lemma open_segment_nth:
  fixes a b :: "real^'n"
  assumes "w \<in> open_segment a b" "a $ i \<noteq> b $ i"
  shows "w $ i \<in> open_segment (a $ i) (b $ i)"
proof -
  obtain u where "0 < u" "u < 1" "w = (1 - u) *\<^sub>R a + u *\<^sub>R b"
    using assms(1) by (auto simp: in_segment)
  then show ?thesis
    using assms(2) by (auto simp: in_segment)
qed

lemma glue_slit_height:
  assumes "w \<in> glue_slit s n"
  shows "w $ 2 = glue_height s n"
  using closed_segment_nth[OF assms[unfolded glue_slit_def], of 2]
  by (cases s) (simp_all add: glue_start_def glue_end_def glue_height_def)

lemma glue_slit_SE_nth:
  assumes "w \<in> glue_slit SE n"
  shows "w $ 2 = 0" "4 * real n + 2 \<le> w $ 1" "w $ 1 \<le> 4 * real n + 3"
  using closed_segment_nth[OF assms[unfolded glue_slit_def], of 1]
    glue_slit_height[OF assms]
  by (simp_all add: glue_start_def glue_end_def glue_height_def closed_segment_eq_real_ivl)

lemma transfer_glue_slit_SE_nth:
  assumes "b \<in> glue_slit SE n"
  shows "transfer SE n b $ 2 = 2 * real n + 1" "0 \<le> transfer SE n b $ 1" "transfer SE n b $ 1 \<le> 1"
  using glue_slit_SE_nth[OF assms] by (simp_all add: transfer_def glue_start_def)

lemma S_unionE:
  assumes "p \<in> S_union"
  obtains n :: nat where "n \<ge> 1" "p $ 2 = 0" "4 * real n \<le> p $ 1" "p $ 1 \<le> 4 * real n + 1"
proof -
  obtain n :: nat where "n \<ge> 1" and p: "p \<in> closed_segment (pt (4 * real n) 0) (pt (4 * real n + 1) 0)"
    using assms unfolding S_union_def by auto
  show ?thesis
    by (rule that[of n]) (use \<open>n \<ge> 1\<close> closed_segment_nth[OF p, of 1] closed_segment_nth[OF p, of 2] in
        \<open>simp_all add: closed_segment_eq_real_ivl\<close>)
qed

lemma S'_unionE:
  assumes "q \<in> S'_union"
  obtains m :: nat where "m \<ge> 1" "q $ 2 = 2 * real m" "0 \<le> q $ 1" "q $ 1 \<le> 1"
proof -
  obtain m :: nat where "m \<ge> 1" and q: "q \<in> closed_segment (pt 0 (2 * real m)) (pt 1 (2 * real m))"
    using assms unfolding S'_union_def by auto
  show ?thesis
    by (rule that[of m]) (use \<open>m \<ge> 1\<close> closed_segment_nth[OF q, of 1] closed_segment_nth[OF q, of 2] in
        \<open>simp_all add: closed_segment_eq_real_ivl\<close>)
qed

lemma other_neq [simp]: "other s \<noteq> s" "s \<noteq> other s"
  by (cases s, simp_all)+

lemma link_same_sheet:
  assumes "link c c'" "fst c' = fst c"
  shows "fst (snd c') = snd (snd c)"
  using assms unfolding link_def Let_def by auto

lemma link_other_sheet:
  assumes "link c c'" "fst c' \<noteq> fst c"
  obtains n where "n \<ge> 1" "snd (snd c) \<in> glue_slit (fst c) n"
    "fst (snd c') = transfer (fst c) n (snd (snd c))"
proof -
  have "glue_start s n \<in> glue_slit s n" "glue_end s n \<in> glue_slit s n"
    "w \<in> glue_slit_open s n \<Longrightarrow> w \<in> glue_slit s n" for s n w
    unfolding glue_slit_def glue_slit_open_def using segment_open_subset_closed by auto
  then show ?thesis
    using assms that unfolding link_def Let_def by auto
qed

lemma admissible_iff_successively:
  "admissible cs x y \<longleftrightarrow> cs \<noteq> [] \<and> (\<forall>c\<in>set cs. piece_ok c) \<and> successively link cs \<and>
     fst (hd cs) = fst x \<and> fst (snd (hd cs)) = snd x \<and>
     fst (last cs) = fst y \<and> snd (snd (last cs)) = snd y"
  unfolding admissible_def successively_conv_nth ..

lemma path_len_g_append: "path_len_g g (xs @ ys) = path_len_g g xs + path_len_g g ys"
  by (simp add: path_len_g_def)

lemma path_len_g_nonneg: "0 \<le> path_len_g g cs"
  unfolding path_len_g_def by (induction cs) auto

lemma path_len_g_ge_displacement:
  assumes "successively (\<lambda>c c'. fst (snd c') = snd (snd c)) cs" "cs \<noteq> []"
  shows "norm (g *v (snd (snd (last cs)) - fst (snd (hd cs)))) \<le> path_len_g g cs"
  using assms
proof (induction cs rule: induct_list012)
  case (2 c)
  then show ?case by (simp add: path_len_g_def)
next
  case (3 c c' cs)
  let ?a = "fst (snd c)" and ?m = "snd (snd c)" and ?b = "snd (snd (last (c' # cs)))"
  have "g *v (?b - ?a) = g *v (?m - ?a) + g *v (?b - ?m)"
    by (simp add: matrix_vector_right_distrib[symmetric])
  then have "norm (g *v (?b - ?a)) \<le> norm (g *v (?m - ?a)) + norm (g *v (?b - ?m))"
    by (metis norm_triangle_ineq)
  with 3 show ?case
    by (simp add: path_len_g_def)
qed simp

◆ ◆ ◆

The lines above from the one containing "(\<lambda>c c'. fst" through the one containing "case (3 c c' cs)" are to be set down exactly, and no others.

  assumes "successively (\<lambda>c c'. fst (snd c') = snd (snd c)) cs" "cs \<noteq> []"
  shows "norm (g *v (snd (snd (last cs)) - fst (snd (hd cs)))) \<le> path_len_g g cs"
  using assms
proof (induction cs rule: induct_list012)
  case (2 c)
  then show ?case by (simp add: path_len_g_def)
next
  case (3 c c' cs)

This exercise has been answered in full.